# Instructions to follow:
Find how many lines of the records hold the string "Union" and reply with only that total.

# Source records:
►
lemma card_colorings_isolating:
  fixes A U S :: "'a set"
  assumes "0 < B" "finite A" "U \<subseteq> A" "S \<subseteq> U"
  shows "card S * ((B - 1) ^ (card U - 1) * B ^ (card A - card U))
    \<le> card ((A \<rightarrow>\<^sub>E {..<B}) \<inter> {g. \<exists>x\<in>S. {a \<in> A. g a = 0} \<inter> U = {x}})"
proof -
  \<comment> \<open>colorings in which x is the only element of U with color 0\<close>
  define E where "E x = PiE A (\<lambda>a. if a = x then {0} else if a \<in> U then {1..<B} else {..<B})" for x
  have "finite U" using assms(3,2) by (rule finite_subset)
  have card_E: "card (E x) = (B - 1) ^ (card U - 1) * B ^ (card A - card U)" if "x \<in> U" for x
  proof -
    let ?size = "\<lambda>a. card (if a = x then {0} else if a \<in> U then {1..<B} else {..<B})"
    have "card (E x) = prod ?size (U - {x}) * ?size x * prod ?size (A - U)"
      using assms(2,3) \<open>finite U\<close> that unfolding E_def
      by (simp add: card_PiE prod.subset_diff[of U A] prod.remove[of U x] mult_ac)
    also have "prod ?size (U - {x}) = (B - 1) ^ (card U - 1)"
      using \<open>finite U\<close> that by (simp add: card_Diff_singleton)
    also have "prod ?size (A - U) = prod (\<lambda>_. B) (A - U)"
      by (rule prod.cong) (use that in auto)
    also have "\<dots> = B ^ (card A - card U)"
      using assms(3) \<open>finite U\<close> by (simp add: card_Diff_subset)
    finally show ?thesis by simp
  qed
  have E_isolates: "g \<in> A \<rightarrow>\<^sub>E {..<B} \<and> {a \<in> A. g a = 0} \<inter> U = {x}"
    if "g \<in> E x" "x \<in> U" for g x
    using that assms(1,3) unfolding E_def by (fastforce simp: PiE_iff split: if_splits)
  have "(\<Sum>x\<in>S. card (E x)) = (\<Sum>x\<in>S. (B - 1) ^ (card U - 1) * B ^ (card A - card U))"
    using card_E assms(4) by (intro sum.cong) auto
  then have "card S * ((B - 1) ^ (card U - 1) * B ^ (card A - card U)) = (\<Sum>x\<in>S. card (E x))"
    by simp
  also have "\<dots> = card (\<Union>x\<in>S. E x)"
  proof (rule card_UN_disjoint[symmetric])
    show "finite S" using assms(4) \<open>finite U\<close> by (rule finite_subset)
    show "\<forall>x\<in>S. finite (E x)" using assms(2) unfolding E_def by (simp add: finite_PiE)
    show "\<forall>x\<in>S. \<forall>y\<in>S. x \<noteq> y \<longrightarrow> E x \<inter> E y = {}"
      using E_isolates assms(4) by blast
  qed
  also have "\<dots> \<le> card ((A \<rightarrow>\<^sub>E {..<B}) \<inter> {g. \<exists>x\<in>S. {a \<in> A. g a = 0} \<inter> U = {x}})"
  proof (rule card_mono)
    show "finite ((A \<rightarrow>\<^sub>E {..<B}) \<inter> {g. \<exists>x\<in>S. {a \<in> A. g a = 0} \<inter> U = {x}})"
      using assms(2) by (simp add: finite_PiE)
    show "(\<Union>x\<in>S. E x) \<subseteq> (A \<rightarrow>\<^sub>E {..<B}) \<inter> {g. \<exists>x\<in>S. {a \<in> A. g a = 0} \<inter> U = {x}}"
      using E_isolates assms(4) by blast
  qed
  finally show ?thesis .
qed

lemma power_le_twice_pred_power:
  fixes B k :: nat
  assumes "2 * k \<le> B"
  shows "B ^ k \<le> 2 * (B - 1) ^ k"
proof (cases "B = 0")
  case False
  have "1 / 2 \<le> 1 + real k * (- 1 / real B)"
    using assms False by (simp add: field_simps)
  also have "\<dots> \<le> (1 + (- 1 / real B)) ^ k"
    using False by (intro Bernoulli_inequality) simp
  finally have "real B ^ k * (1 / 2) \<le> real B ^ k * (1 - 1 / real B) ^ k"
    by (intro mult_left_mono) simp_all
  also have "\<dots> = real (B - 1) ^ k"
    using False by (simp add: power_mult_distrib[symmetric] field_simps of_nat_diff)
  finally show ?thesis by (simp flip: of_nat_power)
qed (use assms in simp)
◄
# Output for this exercise:
2